• _Task details_: Among the records below, find the lines that contain "satisfies" and copy each of them.

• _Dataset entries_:
============

definition partition_mech ::
  "'q set \<Rightarrow> ('u \<Rightarrow> 'q option) \<Rightarrow> real \<Rightarrow> nat \<Rightarrow> 'u multiset \<Rightarrow> ('q \<times> int) set pmf" where
  "partition_mech Q assoc p k D =
     map_pmf (\<lambda>X. {(q, count_part assoc q D + X q) | q.
                     q \<in> Q \<and> count_part assoc q D > 0 \<and> count_part assoc q D + X q > int k})
             (Pi_pmf Q 0 (\<lambda>_. trunc_sym_geom p k))"

end

(*
  The mechanism post-processes the noise vector X, so it suffices to compare noise
  distributions. Adding a user of partition a raises the count c_a by one. If c_a > 0, the new
  output is the old output evaluated at X with X_a shifted by one; for the truncated geometric
  law with 1 - p = e^(-eps), neighbouring points have probabilities within a factor e^eps of
  each other, except at one boundary point of the support, whose mass is C (1 - p)^k. If
  c_a = 0, the two outputs differ only when 1 + X_a > k, i.e. X_a = k, an event of the same
  mass. The choice of k makes this mass at most delta.
*)

theory Submission
  imports Defs
begin

definition indist :: "real \<Rightarrow> real \<Rightarrow> 'a pmf \<Rightarrow> 'a pmf \<Rightarrow> bool" where
  "indist \<epsilon> \<delta> M N \<longleftrightarrow>
     (\<forall>S. measure_pmf.prob M S \<le> exp \<epsilon> * measure_pmf.prob N S + \<delta>)"

lemma indist_refl:
  assumes "0 \<le> \<epsilon>" "0 \<le> \<delta>"
  shows "indist \<epsilon> \<delta> M M"
  unfolding indist_def using assms by (simp add: mult_le_cancel_right1 add_increasing2)

lemma indist_map_pmf: "indist \<epsilon> \<delta> M N \<Longrightarrow> indist \<epsilon> \<delta> (map_pmf f M) (map_pmf f N)"
  by (simp add: indist_def)

lemma measure_bind_pmf:
  "measure_pmf.prob (bind_pmf M N) S = measure_pmf.expectation M (\<lambda>x. measure_pmf.prob (N x) S)"
proof -
  have "emeasure (bind_pmf M N) S = (\<integral>\<^sup>+x. emeasure (N x) S \<partial>M)"
    by (rule emeasure_bind_pmf)
  also have "\<dots> = (\<integral>\<^sup>+x. ennreal (measure_pmf.prob (N x) S) \<partial>M)"
    by (simp add: measure_pmf.emeasure_eq_measure)
  also have "\<dots> = ennreal (measure_pmf.expectation M (\<lambda>x. measure_pmf.prob (N x) S))"
    by (intro nn_integral_eq_integral measure_pmf.integrable_const_bound[where B = 1]) auto
  finally show ?thesis
    by (simp add: measure_pmf.emeasure_eq_measure)
qed

lemma indist_bind_pmf:
  assumes "\<And>x. x \<in> set_pmf K \<Longrightarrow> indist \<epsilon> \<delta> (f x) (g x)"
  shows "indist \<epsilon> \<delta> (bind_pmf K f) (bind_pmf K g)"
  unfolding indist_def
proof
  fix S
  have integrable: "integrable K (\<lambda>x. measure_pmf.prob (h x) S)" for h :: "_ \<Rightarrow> 'b pmf"
    by (intro measure_pmf.integrable_const_bound[where B = 1]) auto
  have "measure_pmf.expectation K (\<lambda>x. measure_pmf.prob (f x) S)
        \<le> measure_pmf.expectation K (\<lambda>x. exp \<epsilon> * measure_pmf.prob (g x) S + \<delta>)"
    using assms unfolding indist_def
    by (intro integral_mono_AE) (auto simp: AE_measure_pmf_iff integrable)
  also have "\<dots> = exp \<epsilon> * measure_pmf.expectation K (\<lambda>x. measure_pmf.prob (g x) S) + \<delta>"
    by (simp add: integrable)
  finally show "measure_pmf.prob (bind_pmf K f) S \<le> exp \<epsilon> * measure_pmf.prob (bind_pmf K g) S + \<delta>"
    by (simp add: measure_bind_pmf)
qed

lemma indist_pointwise:
  assumes "\<And>x. x \<notin> B \<Longrightarrow> pmf M x \<le> exp \<epsilon> * pmf N x"
    and "measure_pmf.prob M B \<le> \<delta>"
  shows "indist \<epsilon> \<delta> M N"
  unfolding indist_def
proof
  fix S
  have "measure_pmf.prob M S \<le> measure_pmf.prob M ((S - B) \<union> B)"
    by (intro measure_pmf.finite_measure_mono) auto
  also have "\<dots> \<le> measure_pmf.prob M (S - B) + measure_pmf.prob M B"
    by (rule measure_Un_le) auto
  also have "measure_pmf.prob M (S - B) = infsetsum (pmf M) (S - B)"
    by (rule measure_pmf_conv_infsetsum)
  also have "\<dots> \<le> infsetsum (\<lambda>x. exp \<epsilon> * pmf N x) (S - B)"
    using assms(1) by (intro infsetsum_mono) (auto intro: abs_summable_on_cmult_right)
  also have "\<dots> = exp \<epsilon> * measure_pmf.prob N (S - B)"
    by (subst infsetsum_cmult_right)
       (auto simp: measure_pmf_conv_infsetsum intro: abs_summable_on_subset[OF pmf_abs_summable])
  also have "\<dots> \<le> exp \<epsilon> * measure_pmf.prob N S"
    by (intro mult_left_mono measure_pmf.finite_measure_mono) auto
  finally show "measure_pmf.prob M S \<le> exp \<epsilon> * measure_pmf.prob N S + \<delta>"
    using assms(2) by linarith
qed

lemma indist_map_pmf_eq_outside:
  assumes "\<And>x. x \<notin> B \<Longrightarrow> f x = g x" and "measure_pmf.prob M B \<le> \<delta>" and "0 \<le> \<epsilon>"
  shows "indist \<epsilon> \<delta> (map_pmf f M) (map_pmf g M)"
  unfolding indist_def
proof
  fix S
  have "measure_pmf.prob M (f -` S) \<le> measure_pmf.prob M (g -` S \<union> B)"
    using assms(1) by (intro measure_pmf.finite_measure_mono) auto
  also have "\<dots> \<le> measure_pmf.prob M (g -` S) + measure_pmf.prob M B"
    by (rule measure_Un_le) auto
  also have "measure_pmf.prob M (g -` S) \<le> exp \<epsilon> * measure_pmf.prob M (g -` S)"
    using assms(3) by (simp add: mult_le_cancel_right1)
  finally show "measure_pmf.prob (map_pmf f M) S \<le> exp \<epsilon> * measure_pmf.prob (map_pmf g M) S + \<delta>"
    using assms(2) by simp
qed

lemma Pi_pmf_eq_bind_component:
  assumes "finite A" "a \<in> A"
  shows "Pi_pmf A dflt p = bind_pmf (Pi_pmf (A - {a}) dflt p) (\<lambda>f. map_pmf (\<lambda>y. f(a := y)) (p a))"
proof -
  have "Pi_pmf A dflt p = Pi_pmf (insert a (A - {a})) dflt p"
    using assms(2) by (simp add: insert_absorb)
  also have "\<dots> = bind_pmf (p a) (\<lambda>y. bind_pmf (Pi_pmf (A - {a}) dflt p) (\<lambda>f. return_pmf (f(a := y))))"
    using assms(1) by (intro Pi_pmf_insert') auto
  also have "\<dots> = bind_pmf (Pi_pmf (A - {a}) dflt p) (\<lambda>f. map_pmf (\<lambda>y. f(a := y)) (p a))"
    by (subst bind_commute_pmf) (simp add: map_pmf_def)
  finally show ?thesis .
qed

lemma Pi_pmf_fun_upd_eq_bind:
  assumes "finite A" "a \<in> A"
  shows "Pi_pmf A dflt (p(a := M))
           = bind_pmf (Pi_pmf (A - {a}) dflt p) (\<lambda>f. map_pmf (\<lambda>y. f(a := y)) M)"
proof -
  have "Pi_pmf (A - {a}) dflt (p(a := M)) = Pi_pmf (A - {a}) dflt p"
    by (intro Pi_pmf_cong) auto
  then show ?thesis
    using Pi_pmf_eq_bind_component[OF assms, of dflt "p(a := M)"] by simp
qed

lemma map_pmf_fun_upd_Pi_pmf:
  assumes "finite A" "a \<in> A"
  shows "map_pmf (\<lambda>X. X(a := f (X a))) (Pi_pmf A dflt p) = Pi_pmf A dflt (p(a := map_pmf f (p a)))"
  unfolding Pi_pmf_fun_upd_eq_bind[OF assms] Pi_pmf_eq_bind_component[OF assms, of dflt p]
  by (simp add: map_bind_pmf map_pmf_comp)

lemma indist_Pi_pmf_fun_upd:
  assumes "finite A" "a \<in> A" "indist \<epsilon> \<delta> M N"
  shows "indist \<epsilon> \<delta> (Pi_pmf A dflt (p(a := M))) (Pi_pmf A dflt (p(a := N)))"
  unfolding Pi_pmf_fun_upd_eq_bind[OF assms(1,2)]
  by (intro indist_bind_pmf indist_map_pmf assms(3))
text \<open>Let H be the subgroup generated by the proposed basis B.

  Normality: the braid relations give lambda12 lambda13 lambda23 = lambda23 lambda13 lambda12,
  lambda13 lambda12 lambda32 = lambda32 lambda12 lambda13 and
  lambda31 lambda32 lambda12 = lambda12 lambda32 lambda31, and with these, conjugating an element
  of B by lambda12, by its inverse or by rho1 stays in H (on the conjugates of lambda31 and
  lambda32 it appends a letter to the exponent word, or swaps lambda12 and lambda21). So
  Q = <rho1, sigma1> normalises H. With c1 = rho1 rho2, c2 = rho2 and c3 = 1, every generator x
  of VB3 satisfies x ck = c(pi k) n for some n in QH, where pi is the image of x in S3. Hence a
  pure virtual braid g satisfies g = g c3 = c3 n with n in QH, and normalises H. Since H is
  generated by conjugates of V2 under VP3, it is the normal closure of V2.

  Freeness: the same factorisations define an action of VB3 on F(B) x {1, 2, 3}, where (f, k)
  models the coset ck f Q: a generator permutes k by pi and acts on the free group F(B) either
  by an automorphism (conjugation by rho1 or sigma1) or by left multiplication with a basis
  letter. It respects the defining relators, and every element of B acts on (f, 3) by
  multiplying f by its letter. So a reduced word w over B sends (1, 3) to (w, 3); if w
  evaluated to 1 in VP3, w would be empty.\<close>

section \<open>Free groups as reduced words\<close>

definition inv_letter :: "'g \<times> bool \<Rightarrow> 'g \<times> bool" where
  "inv_letter x = (fst x, \<not> snd x)"

fun cons_red :: "'g \<times> bool \<Rightarrow> 'g word \<Rightarrow> 'g word" where
  "cons_red x [] = [x]"
| "cons_red x (y # r) = (if fst y = fst x \<and> snd y \<noteq> snd x then r else x # y # r)"

definition append_red :: "'g word \<Rightarrow> 'g word \<Rightarrow> 'g word" where
  "append_red P r = foldr cons_red P r"

definition reduce :: "'g word \<Rightarrow> 'g word" where
  "reduce P = append_red P []"

lemma append_red_Nil [simp]: "append_red [] r = r"
  by (simp add: append_red_def)

lemma append_red_Cons [simp]: "append_red (x # P) r = cons_red x (append_red P r)"
  by (simp add: append_red_def)

lemma append_red_append [simp]: "append_red (P @ Q) r = append_red P (append_red Q r)"
  by (simp add: append_red_def)

lemma inv_letter_inv_letter [simp]: "inv_letter (inv_letter x) = x"
  by (simp add: inv_letter_def)

lemma reduced_Cons:
  "reduced (x # r) \<longleftrightarrow> reduced r \<and> (r = [] \<or> \<not> (fst x = fst (hd r) \<and> snd x \<noteq> snd (hd r)))"
  by (cases r) auto

lemma reduced_ConsD: "reduced (x # r) \<Longrightarrow> reduced r"
  by (simp add: reduced_Cons)

lemma reduced_appendD: "reduced (w @ u) \<Longrightarrow> reduced w"
  by (induction w) (auto simp: reduced_Cons)

lemma reduced_snoc_iff:
  "reduced (w @ [x]) \<longleftrightarrow> reduced w \<and> (w = [] \<or> \<not> (fst (last w) = fst x \<and> snd (last w) \<noteq> snd x))"
  by (induction w) (auto simp: reduced_Cons)

lemma reduced_cons_red [simp]: "reduced r \<Longrightarrow> reduced (cons_red x r)"
  by (cases r) (auto simp: reduced_Cons)

lemma reduced_append_red [simp]: "reduced r \<Longrightarrow> reduced (append_red P r)"
  by (induction P) auto

lemma reduced_reduce [simp]: "reduced (reduce P)"
  by (simp add: reduce_def)

lemma cons_red_reduced: "reduced (x # r) \<Longrightarrow> cons_red x r = x # r"
  by (cases r) auto

lemma cons_red_cancel [simp]:
  assumes "reduced r" and "e' = (\<not> e)"
  shows "cons_red (g, e') (cons_red (g, e) r) = r"
proof (cases r)
  case (Cons y r')
  show ?thesis
  proof (cases "fst y = g \<and> snd y \<noteq> e")
    case True
    with assms Cons have "y = (g, e')" and "reduced ((g, e') # r')"
      by (cases y; auto)+
    with True Cons assms(2) show ?thesis
      by (simp add: cons_red_reduced)
  qed (use Cons assms in \<open>cases y, auto\<close>)
qed (use assms in simp)

lemma cons_red_inv_letter [simp]: "reduced r \<Longrightarrow> cons_red (inv_letter x) (cons_red x r) = r"
  by (cases x) (simp add: inv_letter_def)

lemma cons_red_append_red:
  assumes "reduced s" and "reduced r"
  shows "cons_red x (append_red s r) = append_red (cons_red x s) r"
proof (cases s)
  case (Cons y s')
  show ?thesis
  proof (cases "fst y = fst x \<and> snd y \<noteq> snd x")
    case True
    then have "y = inv_letter x"
      by (cases x; cases y) (auto simp: inv_letter_def)
    with Cons True assms(2) show ?thesis
      using cons_red_inv_letter[of "append_red s' r" "inv_letter x"] by simp
  qed (use Cons in auto)
qed simp

lemma reduce_Cons: "reduce (x # P) = cons_red x (reduce P)"
  by (simp add: reduce_def)

lemma reduce_reduced: "reduced r \<Longrightarrow> reduce r = r"
proof (induction r)
  case (Cons x r)
  then show ?case
    by (simp add: reduce_Cons cons_red_reduced reduced_ConsD)
qed (simp add: reduce_def)

lemma reduce_Nil [simp]: "reduce [] = []"
  by (simp add: reduce_def)

lemma reduce_single [simp]: "reduce [x] = [x]"
  by (simp add: reduce_def)

lemma reduce_append: "reduce (P @ Q) = append_red P (reduce Q)"
  by (simp add: reduce_def)

lemma append_red_reduce: "reduced r \<Longrightarrow> append_red P r = append_red (reduce P) r"
  by (induction P) (simp_all add: reduce_Cons cons_red_append_red)

lemma reduce_reduce_append: "reduce (reduce P @ Q) = reduce (P @ Q)"
  by (metis append_red_reduce reduce_append reduced_reduce)

lemma inv_word_append [simp]: "inv_word (P @ Q) = inv_word Q @ inv_word P"
  by (induction P) auto

lemma inv_word_inv_word [simp]: "inv_word (inv_word P) = P"
  by (induction P) auto

lemma append_red_inv_word_cancel [simp]:
  "reduced r \<Longrightarrow> append_red (inv_word W) (append_red W r) = r"
  by (induction W arbitrary: r) (auto simp: prod_eq_iff)

lemma append_red_cancel_inv_word [simp]:
  "reduced r \<Longrightarrow> append_red W (append_red (inv_word W) r) = r"
  using append_red_inv_word_cancel[of r "inv_word W"] by simp

lemma reduce_snoc:
  "reduced w \<Longrightarrow> reduce (w @ [x]) =
     (if w \<noteq> [] \<and> fst (last w) = fst x \<and> snd (last w) \<noteq> snd x then butlast w else w @ [x])"
proof (induction w)
  case (Cons y w)
  have "reduced w"
    using Cons.prems reduced_ConsD by blast
  show ?case
  proof (cases "w = []")
    case True
    then show ?thesis by (cases x; cases y) (auto simp: reduce_def)
  next
    case False
    show ?thesis
    proof (cases "fst (last w) = fst x \<and> snd (last w) \<noteq> snd x")
      case True
      have "reduced (y # butlast w)"
        using Cons.prems False by (metis append_Cons append_butlast_last_id reduced_appendD)
      then show ?thesis
        using Cons.IH \<open>reduced w\<close> False True by (simp add: reduce_Cons cons_red_reduced)
    next
      case False': False
      have "reduced (y # w @ [x])"
        using reduced_snoc_iff[of "y # w" x] Cons.prems False False' by auto
      then show ?thesis
        using Cons.IH \<open>reduced w\<close> False False' by (auto simp: reduce_Cons cons_red_reduced)
    qed
  qed
qed (simp add: reduce_def)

============

• _Answer section_:
  of VB3 satisfies x ck = c(pi k) n for some n in QH, where pi is the image of x in S3. Hence a
  pure virtual braid g satisfies g = g c3 = c3 n with n in QH, and normalises H. Since H is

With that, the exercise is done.